- [EXERCISE DATA]
□ □ □ □ □ □ □

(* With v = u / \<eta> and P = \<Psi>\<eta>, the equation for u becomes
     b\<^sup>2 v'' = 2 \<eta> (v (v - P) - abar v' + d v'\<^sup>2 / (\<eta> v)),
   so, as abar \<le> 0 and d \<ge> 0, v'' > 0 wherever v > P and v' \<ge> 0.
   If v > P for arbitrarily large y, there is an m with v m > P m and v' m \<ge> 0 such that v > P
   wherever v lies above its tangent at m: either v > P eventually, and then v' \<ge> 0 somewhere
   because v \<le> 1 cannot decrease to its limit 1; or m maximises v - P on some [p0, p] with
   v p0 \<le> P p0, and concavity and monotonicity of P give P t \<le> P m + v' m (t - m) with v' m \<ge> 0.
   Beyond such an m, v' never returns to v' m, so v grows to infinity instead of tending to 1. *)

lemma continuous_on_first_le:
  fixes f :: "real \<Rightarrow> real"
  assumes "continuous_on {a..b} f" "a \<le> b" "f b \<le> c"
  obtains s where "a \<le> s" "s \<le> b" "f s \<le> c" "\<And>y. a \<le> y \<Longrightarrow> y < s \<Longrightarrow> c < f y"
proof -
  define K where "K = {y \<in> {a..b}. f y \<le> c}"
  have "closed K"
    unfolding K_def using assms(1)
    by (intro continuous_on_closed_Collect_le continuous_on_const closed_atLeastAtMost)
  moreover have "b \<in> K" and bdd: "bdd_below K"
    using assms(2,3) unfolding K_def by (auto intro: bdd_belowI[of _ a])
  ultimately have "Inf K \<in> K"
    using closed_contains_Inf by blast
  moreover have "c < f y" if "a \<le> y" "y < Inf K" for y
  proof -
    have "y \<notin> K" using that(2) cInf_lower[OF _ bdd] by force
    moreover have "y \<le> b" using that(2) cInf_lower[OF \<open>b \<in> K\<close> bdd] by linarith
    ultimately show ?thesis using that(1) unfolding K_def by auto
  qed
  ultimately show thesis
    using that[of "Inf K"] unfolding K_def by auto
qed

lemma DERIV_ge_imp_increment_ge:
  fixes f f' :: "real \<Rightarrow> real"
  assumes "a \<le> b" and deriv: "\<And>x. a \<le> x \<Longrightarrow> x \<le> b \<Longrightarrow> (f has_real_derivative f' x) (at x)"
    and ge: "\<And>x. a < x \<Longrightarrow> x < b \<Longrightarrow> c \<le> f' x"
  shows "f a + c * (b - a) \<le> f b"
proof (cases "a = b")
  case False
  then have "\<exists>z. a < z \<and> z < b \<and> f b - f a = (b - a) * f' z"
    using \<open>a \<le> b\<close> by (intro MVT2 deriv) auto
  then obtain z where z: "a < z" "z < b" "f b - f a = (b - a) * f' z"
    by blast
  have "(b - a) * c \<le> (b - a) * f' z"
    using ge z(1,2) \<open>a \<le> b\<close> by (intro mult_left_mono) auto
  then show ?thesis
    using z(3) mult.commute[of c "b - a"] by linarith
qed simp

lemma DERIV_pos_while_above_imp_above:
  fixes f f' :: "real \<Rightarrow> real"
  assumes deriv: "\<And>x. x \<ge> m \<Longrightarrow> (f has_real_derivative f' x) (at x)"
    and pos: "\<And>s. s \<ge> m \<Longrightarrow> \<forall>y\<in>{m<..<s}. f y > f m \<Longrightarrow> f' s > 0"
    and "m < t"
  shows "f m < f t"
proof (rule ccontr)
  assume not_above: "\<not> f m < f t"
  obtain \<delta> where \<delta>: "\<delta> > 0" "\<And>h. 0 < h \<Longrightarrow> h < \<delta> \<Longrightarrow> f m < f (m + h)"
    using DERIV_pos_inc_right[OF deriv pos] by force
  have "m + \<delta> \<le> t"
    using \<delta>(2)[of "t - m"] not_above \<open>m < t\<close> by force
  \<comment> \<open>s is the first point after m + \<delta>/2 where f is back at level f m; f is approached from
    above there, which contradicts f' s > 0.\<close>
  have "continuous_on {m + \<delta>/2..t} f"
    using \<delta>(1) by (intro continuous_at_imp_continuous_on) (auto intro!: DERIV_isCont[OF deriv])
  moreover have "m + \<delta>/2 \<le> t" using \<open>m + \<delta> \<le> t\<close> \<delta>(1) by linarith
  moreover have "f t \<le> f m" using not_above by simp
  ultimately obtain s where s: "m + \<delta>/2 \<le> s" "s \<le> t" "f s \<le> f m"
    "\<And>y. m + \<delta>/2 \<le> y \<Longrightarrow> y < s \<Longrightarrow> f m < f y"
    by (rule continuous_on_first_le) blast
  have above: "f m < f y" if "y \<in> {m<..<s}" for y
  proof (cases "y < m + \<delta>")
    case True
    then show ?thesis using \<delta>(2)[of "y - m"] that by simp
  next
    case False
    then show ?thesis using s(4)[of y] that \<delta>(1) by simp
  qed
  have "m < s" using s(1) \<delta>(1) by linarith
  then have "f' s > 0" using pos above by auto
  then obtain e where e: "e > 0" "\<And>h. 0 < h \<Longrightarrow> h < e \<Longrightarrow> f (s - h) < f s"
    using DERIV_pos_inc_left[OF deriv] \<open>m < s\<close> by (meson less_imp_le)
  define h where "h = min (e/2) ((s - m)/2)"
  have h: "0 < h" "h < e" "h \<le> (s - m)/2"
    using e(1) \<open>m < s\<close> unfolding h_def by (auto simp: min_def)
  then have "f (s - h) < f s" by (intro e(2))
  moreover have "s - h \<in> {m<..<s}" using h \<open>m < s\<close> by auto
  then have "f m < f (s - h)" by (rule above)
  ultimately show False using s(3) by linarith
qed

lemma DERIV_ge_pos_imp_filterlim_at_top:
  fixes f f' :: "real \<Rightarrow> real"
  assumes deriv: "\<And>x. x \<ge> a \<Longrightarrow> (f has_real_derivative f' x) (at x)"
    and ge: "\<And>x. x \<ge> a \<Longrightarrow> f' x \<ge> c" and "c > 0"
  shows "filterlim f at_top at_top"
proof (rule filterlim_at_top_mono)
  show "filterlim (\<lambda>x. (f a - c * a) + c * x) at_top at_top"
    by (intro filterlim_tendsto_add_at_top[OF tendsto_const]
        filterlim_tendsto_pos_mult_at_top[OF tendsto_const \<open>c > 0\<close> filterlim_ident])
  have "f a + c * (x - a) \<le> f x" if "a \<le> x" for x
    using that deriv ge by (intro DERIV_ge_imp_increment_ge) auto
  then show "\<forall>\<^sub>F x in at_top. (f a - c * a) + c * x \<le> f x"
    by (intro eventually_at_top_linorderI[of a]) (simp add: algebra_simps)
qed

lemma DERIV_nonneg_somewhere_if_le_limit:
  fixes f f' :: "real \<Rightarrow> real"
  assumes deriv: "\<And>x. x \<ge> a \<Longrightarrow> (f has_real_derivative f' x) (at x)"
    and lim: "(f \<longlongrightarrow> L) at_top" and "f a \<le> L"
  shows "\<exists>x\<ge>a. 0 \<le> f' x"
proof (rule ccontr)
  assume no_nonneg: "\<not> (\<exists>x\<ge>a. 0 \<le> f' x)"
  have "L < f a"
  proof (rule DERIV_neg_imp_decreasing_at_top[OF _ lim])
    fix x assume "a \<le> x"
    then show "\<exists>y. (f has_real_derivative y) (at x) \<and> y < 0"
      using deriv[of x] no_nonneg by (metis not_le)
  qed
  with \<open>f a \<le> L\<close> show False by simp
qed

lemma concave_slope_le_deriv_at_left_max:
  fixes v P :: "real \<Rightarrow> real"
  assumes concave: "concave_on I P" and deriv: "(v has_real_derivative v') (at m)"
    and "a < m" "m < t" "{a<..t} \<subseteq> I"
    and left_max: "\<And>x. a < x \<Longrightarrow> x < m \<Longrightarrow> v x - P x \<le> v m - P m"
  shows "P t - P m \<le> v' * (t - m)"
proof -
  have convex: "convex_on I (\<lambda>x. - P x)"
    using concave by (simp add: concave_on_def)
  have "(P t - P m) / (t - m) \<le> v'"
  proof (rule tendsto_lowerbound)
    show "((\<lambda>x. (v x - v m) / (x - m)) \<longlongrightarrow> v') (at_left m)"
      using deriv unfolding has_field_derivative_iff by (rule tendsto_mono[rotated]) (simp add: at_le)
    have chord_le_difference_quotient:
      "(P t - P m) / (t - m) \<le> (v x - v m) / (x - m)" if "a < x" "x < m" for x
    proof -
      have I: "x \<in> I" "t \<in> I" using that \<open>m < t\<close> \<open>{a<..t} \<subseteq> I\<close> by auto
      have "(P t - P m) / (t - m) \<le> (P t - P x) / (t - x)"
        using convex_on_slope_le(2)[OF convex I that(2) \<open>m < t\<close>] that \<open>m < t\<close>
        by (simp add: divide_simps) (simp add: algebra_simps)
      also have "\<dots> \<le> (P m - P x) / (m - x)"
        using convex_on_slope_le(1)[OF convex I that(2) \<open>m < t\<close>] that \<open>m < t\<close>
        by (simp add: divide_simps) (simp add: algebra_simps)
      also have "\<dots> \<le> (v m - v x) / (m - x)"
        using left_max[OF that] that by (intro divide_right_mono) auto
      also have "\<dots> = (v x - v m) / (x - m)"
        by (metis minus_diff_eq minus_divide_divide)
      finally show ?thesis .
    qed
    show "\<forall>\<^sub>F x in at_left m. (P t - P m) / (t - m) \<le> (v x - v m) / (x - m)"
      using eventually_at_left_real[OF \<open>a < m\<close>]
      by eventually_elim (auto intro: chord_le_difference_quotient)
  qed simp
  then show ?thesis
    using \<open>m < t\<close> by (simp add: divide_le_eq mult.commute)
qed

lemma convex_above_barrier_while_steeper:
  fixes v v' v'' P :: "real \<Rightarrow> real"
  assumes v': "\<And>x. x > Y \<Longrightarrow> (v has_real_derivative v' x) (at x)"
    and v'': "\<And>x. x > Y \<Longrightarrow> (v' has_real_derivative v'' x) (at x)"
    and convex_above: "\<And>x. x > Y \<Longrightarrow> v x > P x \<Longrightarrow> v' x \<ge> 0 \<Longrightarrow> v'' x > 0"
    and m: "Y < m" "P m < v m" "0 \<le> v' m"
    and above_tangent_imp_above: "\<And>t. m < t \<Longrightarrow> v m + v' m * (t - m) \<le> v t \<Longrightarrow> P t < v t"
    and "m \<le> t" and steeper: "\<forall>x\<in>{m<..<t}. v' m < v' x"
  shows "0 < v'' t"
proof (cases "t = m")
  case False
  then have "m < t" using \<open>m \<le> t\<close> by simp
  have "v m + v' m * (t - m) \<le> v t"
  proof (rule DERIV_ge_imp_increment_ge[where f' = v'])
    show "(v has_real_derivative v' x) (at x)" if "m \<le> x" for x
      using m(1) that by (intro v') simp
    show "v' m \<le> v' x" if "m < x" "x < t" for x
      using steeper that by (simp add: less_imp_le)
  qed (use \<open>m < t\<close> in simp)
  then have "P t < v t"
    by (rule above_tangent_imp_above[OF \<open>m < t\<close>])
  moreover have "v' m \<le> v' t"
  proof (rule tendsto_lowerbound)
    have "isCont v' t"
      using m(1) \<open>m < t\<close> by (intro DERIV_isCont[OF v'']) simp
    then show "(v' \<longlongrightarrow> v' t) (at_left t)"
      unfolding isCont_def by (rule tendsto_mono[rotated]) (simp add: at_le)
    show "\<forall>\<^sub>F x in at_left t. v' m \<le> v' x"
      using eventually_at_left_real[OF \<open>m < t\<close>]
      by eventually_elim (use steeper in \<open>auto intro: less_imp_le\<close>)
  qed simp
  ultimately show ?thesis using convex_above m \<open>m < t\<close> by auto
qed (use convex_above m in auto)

□ □ □ □ □ □ □

- [WHAT IS NEEDED]
Here the output must be the lines above from the line with "using \<delta>(1) by" to the line with "(\<lambda>x. (f a", both included, duplicated word for word and nothing else.

- [TASK RESPONSE]
    using \<delta>(1) by (intro continuous_at_imp_continuous_on) (auto intro!: DERIV_isCont[OF deriv])
  moreover have "m + \<delta>/2 \<le> t" using \<open>m + \<delta> \<le> t\<close> \<delta>(1) by linarith
  moreover have "f t \<le> f m" using not_above by simp
  ultimately obtain s where s: "m + \<delta>/2 \<le> s" "s \<le> t" "f s \<le> f m"
    "\<And>y. m + \<delta>/2 \<le> y \<Longrightarrow> y < s \<Longrightarrow> f m < f y"
    by (rule continuous_on_first_le) blast
  have above: "f m < f y" if "y \<in> {m<..<s}" for y
  proof (cases "y < m + \<delta>")
    case True
    then show ?thesis using \<delta>(2)[of "y - m"] that by simp
  next
    case False
    then show ?thesis using s(4)[of y] that \<delta>(1) by simp
  qed
  have "m < s" using s(1) \<delta>(1) by linarith
  then have "f' s > 0" using pos above by auto
  then obtain e where e: "e > 0" "\<And>h. 0 < h \<Longrightarrow> h < e \<Longrightarrow> f (s - h) < f s"
    using DERIV_pos_inc_left[OF deriv] \<open>m < s\<close> by (meson less_imp_le)
  define h where "h = min (e/2) ((s - m)/2)"
  have h: "0 < h" "h < e" "h \<le> (s - m)/2"
    using e(1) \<open>m < s\<close> unfolding h_def by (auto simp: min_def)
  then have "f (s - h) < f s" by (intro e(2))
  moreover have "s - h \<in> {m<..<s}" using h \<open>m < s\<close> by auto
  then have "f m < f (s - h)" by (rule above)
  ultimately show False using s(3) by linarith
qed

lemma DERIV_ge_pos_imp_filterlim_at_top:
  fixes f f' :: "real \<Rightarrow> real"
  assumes deriv: "\<And>x. x \<ge> a \<Longrightarrow> (f has_real_derivative f' x) (at x)"
    and ge: "\<And>x. x \<ge> a \<Longrightarrow> f' x \<ge> c" and "c > 0"
  shows "filterlim f at_top at_top"
proof (rule filterlim_at_top_mono)
  show "filterlim (\<lambda>x. (f a - c * a) + c * x) at_top at_top"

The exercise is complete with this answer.